NASA has launched a very specific challenge to help them “explore hell.”

They are in need of a special sensor to help their clockwork rover avoid obstacles on one of the hottest planets in our solar system: Venus.

A handful of probes have visited the “ancient sister of Earth” since the early days of space flight, with only a few able to function for a couple of hours before succumbing to the oppressive heat and pressure.

Despite those conditions, landers were able to deliver some important information such as the planet’s surface temperature (in excess of 450 degrees Celcius), a surface pressure 92 times that of Earth, wind speeds of 0.3 to 1.3 meters per second and the length of a Venusian day (116 Earth days.)

Now, NASA’s Jet Propulsion Laboratory (JPL) is studying a mission concept to return to Venus known as the Automaton Rover for Extreme Environments (AREE). This has not been accomplished since the Soviet Vega 2 landed in 1985.

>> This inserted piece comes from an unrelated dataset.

(* Let $\mathcal{X},\mathcal{Y},\mathcal{A},\mathcal{B}$ be systems with $\mathcal{X}$ trivial ($\mathsf{T}[\mathcal{X}]=\mathsf{I}$) and $\mathcal{A}$ classical ($\mathsf{T}[\mathcal{A}]=\mathsf{C}$), while $\mathcal{Y}$ and $\mathcal{B}$ have arbitrary types and dimensions. Then the resource type $\mathsf{I}\,\mathsf{T}[\mathcal{Y}]\rightarrow\mathsf{C}\,\mathsf{T}[\mathcal{B}]$ is $\mathsf{T}$-trivial: every nonsignaling resource $R_{\mathcal{A}\mathcal{B}|\mathcal{X}\mathcal{Y}}$ of this type (and these dimensions) is LOSR-free.
   Context: A system $\mathcal{H}$ is specified by a dimension $d[\mathcal{H}]\ge 1$ (Hilbert space $\mathbb{C}^{d[\mathcal{H}]}$ with computational basis $\{|i\rangle\}$) and a type $\mathsf{T}[\mathcal{H}]\in\{\mathsf{I},\mathsf{C},\mathsf{Q}\}$ (trivial, classical, quantum); a system is trivial iff its dimension is $1$. $\mathsf{D}(\mathcal{H})$ denotes density matrices. A (bipartite nonsignaling) resource with Alice's input $\mathcal{X}$ and output $\mathcal{A}$ and Bob's input $\mathcal{Y}$ and output $\mathcal{B}$ is a linear map $R$ from operators on $\mathcal{X}\otimes\mathcal{Y}$ to operators on $\mathcal{A}\otimes\mathcal{B}$ which is completely positive, satisfies $\mathrm{tr}\,R[\xi\otimes\psi]=1$ for all $\xi\in\mathsf{D}(\mathcal{X}),\psi\in\mathsf{D}(\mathcal{Y})$, and is nonsignaling: $\mathrm{tr}_{\mathcal{A}}R[\xi\otimes\psi]$ does not depend on $\xi$ and $\mathrm{tr}_{\mathcal{B}}R[\xi\otimes\psi]$ does not depend on $\psi$. If an output, say $\mathcal{A}$, is classical then $\langle i_{\mathcal{A}}|R[\xi\otimes\psi]|j_{\mathcal{A}}\rangle=0$ for all $i\ne j$, $\xi,\psi$; if an input, say $\mathcal{X}$, is classical then $R[|i_{\mathcal{X}}\rangle\langle j_{\mathcal{X}}|\otimes\psi]=0$ for all $i\neq j$ and $\psi$ (analogously for $\mathcal{B}$, $\mathcal{Y}$). The type of $R$ is written $\mathsf{T}[\mathcal{X}]\mathsf{T}[\mathcal{Y}]\rightarrow\mathsf{T}[\mathcal{A}]\mathsf{T}[\mathcal{B}]$. A single-party resource $R_{\mathcal{A}|\mathcal{X}}$ is a CPTP map from operators on $\mathcal{X}$ to operators on $\mathcal{A}$ satisfying the analogous classicality constraints. A resource is LOSR-free if $R_{\mathcal{A}\mathcal{B}|\mathcal{X}\mathcal{Y}}=\sum_i p_i\,R^i_{\mathcal{A}|\mathcal{X}}\otimes R^i_{\mathcal{B}|\mathcal{Y}}$ for a probability distribution $(p_i)$ and single-party resources of the corresponding types and dimensions. A resource type is $\mathsf{T}$-trivial if every resource of that type is LOSR-free. *)

theory Defs
  imports Complex_Main "Jordan_Normal_Form.Matrix"
begin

“Current, state-of-the-art, military-grade electronics fail at approximately 125°C, so mission scientists at JPL have taken their design cues from a different source: automatons and clockwork operations,” NASA says.

The AREE is intended to spend months exploring the landscape and collecting valuable long-term longitudinal scientific data using indirect and direct sensors.

As the rover explores the surface of Venus, collecting and relaying data to an orbiter overhead, it must also detect obstacles in its path like rocks, crevices, and steep terrain. To assist AREE on its groundbreaking mission concept, JPL needs an equally groundbreaking obstacle avoidance sensor, one that does not rely on vulnerable electronic systems. For that reason, JPL is turning to the global community of innovators and inventors to design this novel avoidance sensor for AREE. JPL is interested in all approaches, regardless of technical maturity.

JPL has issued a challenge to the global community in search of a sensor that would detect and navigate through dangerous situations during its operational life. It would need to sense obstacles such as rocks, crevices and inclines, successfully navigating around the obstruction, enabling the rover to continue to explore and collect more data.

“While the mission to the surface of Venus may be years off, the development of a suitably robust rover sensor will strengthen the case for returning to Venus with a rover, something that has never been attempted before,” NASA says.

So what can you do?

The winner of the challenge, named “Exploring Hell: Avoiding Obstacles on a Clockwork Rover,” will receive a prize of $30,000.